Stored items:

══════════════════════════════

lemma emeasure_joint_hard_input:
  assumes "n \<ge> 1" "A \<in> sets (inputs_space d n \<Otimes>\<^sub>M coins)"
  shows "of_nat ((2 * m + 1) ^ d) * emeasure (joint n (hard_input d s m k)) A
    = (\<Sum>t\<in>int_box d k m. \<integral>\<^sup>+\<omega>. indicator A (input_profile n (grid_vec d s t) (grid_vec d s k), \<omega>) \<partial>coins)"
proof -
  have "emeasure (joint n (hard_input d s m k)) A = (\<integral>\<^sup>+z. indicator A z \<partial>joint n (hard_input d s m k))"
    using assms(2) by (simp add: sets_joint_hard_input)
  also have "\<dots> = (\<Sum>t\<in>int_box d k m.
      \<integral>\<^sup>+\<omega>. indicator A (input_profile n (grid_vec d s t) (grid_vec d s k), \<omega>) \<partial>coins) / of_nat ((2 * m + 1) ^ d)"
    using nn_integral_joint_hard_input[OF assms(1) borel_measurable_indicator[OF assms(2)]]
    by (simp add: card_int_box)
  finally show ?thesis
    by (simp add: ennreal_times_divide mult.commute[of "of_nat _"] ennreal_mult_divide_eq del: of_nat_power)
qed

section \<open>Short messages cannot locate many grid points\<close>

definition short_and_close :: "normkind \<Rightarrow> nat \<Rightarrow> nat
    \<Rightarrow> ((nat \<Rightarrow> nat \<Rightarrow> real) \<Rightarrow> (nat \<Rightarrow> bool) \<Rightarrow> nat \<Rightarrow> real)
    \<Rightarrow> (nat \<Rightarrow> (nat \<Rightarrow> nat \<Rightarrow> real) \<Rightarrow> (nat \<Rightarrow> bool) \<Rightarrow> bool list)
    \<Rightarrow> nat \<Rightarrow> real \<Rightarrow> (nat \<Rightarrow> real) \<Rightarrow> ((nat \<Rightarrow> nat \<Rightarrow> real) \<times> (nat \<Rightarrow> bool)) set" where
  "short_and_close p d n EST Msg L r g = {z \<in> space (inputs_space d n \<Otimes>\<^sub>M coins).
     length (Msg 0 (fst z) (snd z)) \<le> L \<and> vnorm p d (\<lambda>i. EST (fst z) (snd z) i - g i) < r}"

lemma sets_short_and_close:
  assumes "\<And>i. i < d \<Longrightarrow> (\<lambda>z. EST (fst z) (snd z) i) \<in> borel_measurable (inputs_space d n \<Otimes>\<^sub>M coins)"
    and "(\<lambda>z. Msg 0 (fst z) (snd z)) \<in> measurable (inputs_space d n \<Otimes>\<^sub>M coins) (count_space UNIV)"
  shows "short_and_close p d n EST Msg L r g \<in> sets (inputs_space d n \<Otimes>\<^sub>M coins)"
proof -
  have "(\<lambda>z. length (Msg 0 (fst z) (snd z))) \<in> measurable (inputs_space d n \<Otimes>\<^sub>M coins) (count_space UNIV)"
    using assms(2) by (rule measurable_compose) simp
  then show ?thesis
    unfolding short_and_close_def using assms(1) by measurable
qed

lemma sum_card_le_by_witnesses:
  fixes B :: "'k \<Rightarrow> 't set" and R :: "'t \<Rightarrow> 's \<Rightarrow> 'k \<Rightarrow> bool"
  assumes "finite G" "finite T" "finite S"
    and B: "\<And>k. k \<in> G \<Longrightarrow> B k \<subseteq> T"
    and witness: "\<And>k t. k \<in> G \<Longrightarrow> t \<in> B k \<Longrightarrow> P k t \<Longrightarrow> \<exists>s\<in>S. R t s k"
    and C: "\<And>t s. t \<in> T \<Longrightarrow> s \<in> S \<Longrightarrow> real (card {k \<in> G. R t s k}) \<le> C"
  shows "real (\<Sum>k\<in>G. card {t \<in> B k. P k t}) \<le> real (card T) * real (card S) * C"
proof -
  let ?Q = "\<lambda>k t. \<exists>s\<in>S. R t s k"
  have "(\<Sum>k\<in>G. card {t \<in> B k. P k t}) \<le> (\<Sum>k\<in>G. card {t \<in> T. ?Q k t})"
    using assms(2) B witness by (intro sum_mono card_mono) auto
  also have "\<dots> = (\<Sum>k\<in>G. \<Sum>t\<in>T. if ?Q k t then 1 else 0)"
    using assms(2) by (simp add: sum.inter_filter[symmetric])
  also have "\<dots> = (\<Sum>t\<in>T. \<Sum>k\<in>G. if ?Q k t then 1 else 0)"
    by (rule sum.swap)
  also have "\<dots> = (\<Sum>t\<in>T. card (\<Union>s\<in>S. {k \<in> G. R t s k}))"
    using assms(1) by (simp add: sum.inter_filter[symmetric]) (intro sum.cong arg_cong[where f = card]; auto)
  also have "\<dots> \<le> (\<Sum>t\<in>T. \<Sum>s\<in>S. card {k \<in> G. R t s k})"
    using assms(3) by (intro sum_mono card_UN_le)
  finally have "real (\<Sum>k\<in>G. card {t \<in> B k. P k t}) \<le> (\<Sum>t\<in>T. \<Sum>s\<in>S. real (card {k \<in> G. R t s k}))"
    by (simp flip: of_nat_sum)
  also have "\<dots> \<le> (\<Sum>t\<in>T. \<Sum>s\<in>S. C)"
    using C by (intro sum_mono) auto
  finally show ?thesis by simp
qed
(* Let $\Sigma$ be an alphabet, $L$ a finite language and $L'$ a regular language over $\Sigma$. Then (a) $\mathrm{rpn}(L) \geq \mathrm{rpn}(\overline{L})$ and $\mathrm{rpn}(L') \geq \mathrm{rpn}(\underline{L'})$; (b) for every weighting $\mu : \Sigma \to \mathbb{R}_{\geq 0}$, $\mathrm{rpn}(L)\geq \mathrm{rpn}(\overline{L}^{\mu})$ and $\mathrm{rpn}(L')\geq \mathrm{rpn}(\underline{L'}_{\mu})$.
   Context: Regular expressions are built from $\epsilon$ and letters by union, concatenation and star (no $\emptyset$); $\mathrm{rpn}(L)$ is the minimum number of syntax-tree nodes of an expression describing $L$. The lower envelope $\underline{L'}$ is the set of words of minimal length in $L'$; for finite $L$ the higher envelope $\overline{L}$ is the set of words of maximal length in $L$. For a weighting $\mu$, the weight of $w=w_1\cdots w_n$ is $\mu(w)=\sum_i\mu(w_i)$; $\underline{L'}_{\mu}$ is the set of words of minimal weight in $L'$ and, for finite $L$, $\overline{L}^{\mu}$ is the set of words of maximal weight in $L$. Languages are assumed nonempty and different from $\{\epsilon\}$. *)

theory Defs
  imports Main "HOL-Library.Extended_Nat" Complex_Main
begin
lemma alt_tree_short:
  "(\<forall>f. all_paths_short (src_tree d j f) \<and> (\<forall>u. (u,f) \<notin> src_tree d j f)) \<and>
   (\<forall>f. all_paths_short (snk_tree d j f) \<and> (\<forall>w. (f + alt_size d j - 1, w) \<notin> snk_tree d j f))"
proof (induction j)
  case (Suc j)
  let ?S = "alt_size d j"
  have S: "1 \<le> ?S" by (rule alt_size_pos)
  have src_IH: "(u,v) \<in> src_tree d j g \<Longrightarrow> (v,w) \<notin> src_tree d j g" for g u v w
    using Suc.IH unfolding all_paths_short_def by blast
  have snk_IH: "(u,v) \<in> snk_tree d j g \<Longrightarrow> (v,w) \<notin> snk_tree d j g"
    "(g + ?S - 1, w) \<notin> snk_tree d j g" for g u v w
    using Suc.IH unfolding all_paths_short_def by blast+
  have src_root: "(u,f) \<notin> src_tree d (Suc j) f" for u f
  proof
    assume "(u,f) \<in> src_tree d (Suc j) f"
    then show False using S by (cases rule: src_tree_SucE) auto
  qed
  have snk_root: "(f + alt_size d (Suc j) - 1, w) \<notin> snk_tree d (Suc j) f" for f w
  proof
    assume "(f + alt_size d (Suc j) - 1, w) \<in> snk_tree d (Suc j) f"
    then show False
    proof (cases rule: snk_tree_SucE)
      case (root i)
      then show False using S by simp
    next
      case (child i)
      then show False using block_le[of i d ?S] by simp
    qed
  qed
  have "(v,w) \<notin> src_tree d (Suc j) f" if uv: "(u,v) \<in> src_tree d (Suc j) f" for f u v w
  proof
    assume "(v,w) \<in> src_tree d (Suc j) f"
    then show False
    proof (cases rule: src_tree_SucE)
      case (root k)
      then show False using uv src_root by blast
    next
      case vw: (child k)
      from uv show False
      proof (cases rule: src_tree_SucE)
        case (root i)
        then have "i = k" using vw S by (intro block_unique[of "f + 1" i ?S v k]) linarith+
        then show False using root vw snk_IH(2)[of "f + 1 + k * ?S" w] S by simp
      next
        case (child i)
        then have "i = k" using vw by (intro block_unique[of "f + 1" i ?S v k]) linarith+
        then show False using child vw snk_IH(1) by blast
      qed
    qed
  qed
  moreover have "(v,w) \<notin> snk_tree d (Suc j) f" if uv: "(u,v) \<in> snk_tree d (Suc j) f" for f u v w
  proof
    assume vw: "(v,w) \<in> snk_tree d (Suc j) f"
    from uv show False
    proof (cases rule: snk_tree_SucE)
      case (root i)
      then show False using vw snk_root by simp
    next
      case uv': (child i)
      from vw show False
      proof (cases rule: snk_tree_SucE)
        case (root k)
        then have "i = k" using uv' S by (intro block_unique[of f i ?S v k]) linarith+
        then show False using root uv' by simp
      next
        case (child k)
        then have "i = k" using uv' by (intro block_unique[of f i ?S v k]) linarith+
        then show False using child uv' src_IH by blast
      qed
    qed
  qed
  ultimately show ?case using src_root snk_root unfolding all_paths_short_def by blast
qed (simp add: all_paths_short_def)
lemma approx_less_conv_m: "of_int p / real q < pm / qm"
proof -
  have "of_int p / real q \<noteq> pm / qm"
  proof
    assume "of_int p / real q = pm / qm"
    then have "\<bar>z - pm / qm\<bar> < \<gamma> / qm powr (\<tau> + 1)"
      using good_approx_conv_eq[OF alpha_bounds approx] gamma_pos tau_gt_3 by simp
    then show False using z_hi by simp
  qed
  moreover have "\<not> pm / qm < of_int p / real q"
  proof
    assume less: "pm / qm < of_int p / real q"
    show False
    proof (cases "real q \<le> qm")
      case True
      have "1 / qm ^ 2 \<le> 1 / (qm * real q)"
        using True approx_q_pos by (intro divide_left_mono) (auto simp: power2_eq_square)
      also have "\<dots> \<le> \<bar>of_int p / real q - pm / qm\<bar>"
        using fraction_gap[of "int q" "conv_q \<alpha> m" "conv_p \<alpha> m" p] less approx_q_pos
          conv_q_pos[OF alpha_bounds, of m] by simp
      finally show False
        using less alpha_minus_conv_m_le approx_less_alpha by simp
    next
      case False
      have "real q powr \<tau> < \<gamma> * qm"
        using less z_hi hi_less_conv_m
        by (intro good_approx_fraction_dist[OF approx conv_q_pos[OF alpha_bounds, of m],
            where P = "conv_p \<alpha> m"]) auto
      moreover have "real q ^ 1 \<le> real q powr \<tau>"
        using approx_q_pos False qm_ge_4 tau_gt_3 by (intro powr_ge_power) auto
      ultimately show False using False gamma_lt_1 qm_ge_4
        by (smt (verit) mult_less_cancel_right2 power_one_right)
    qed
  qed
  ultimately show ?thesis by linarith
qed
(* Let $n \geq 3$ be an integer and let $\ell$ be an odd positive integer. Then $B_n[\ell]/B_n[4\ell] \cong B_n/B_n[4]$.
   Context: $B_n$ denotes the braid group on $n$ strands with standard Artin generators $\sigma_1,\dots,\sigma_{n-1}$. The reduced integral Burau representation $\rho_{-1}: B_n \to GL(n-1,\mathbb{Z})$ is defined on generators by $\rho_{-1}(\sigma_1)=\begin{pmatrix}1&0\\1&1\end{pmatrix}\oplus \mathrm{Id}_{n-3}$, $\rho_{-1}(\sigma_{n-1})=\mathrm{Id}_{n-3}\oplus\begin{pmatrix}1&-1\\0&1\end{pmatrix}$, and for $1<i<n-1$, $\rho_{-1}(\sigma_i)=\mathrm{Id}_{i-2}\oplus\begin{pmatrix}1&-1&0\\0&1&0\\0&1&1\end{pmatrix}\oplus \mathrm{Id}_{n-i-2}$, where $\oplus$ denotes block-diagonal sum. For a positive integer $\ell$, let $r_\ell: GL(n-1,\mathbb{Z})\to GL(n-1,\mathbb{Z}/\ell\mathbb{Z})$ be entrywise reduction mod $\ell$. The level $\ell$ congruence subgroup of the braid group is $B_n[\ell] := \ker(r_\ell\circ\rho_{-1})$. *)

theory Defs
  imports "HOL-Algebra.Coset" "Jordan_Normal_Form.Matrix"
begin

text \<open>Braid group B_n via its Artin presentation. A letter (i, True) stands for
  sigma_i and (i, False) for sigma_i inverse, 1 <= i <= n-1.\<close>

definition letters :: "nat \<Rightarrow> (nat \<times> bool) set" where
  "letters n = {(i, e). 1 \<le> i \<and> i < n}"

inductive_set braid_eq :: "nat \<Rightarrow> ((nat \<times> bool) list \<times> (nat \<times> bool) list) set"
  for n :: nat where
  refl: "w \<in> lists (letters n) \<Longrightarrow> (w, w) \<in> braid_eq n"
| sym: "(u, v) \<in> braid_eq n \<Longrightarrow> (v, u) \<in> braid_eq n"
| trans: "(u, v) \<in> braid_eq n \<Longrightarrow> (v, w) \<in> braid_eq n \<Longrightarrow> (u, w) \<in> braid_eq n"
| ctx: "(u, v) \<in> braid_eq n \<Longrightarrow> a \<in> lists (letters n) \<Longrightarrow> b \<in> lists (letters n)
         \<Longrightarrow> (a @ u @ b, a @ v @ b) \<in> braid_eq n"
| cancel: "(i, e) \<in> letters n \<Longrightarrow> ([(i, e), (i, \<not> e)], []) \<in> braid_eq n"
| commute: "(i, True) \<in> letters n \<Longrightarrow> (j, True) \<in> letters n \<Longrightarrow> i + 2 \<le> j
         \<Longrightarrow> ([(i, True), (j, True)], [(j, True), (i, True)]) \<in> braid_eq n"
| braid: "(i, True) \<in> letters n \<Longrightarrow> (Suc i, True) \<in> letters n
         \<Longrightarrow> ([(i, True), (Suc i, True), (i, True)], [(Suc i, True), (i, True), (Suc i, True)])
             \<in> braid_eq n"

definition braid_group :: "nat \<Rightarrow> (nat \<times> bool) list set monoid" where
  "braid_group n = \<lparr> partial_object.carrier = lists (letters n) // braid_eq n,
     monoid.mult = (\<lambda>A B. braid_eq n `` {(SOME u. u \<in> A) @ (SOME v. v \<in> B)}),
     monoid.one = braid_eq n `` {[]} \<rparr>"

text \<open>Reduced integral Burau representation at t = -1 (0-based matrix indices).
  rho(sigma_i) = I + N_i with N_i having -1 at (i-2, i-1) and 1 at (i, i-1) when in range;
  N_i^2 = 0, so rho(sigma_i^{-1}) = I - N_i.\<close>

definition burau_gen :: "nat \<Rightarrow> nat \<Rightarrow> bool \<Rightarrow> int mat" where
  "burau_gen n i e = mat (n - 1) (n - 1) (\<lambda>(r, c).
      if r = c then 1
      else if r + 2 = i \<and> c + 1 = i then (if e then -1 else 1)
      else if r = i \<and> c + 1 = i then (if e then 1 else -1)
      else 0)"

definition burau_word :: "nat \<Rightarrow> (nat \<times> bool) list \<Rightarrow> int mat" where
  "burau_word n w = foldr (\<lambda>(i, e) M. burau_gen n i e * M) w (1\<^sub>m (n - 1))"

══════════════════════════════

**Task directions**
Reproduce the lines of the records exactly, from the first one through the line that contains "k), \<omega>) \<partial>coins) /".

**Exercise answer**
lemma emeasure_joint_hard_input:
  assumes "n \<ge> 1" "A \<in> sets (inputs_space d n \<Otimes>\<^sub>M coins)"
  shows "of_nat ((2 * m + 1) ^ d) * emeasure (joint n (hard_input d s m k)) A
    = (\<Sum>t\<in>int_box d k m. \<integral>\<^sup>+\<omega>. indicator A (input_profile n (grid_vec d s t) (grid_vec d s k), \<omega>) \<partial>coins)"
proof -
  have "emeasure (joint n (hard_input d s m k)) A = (\<integral>\<^sup>+z. indicator A z \<partial>joint n (hard_input d s m k))"
    using assms(2) by (simp add: sets_joint_hard_input)
  also have "\<dots> = (\<Sum>t\<in>int_box d k m.
      \<integral>\<^sup>+\<omega>. indicator A (input_profile n (grid_vec d s t) (grid_vec d s k), \<omega>) \<partial>coins) / of_nat ((2 * m + 1) ^ d)"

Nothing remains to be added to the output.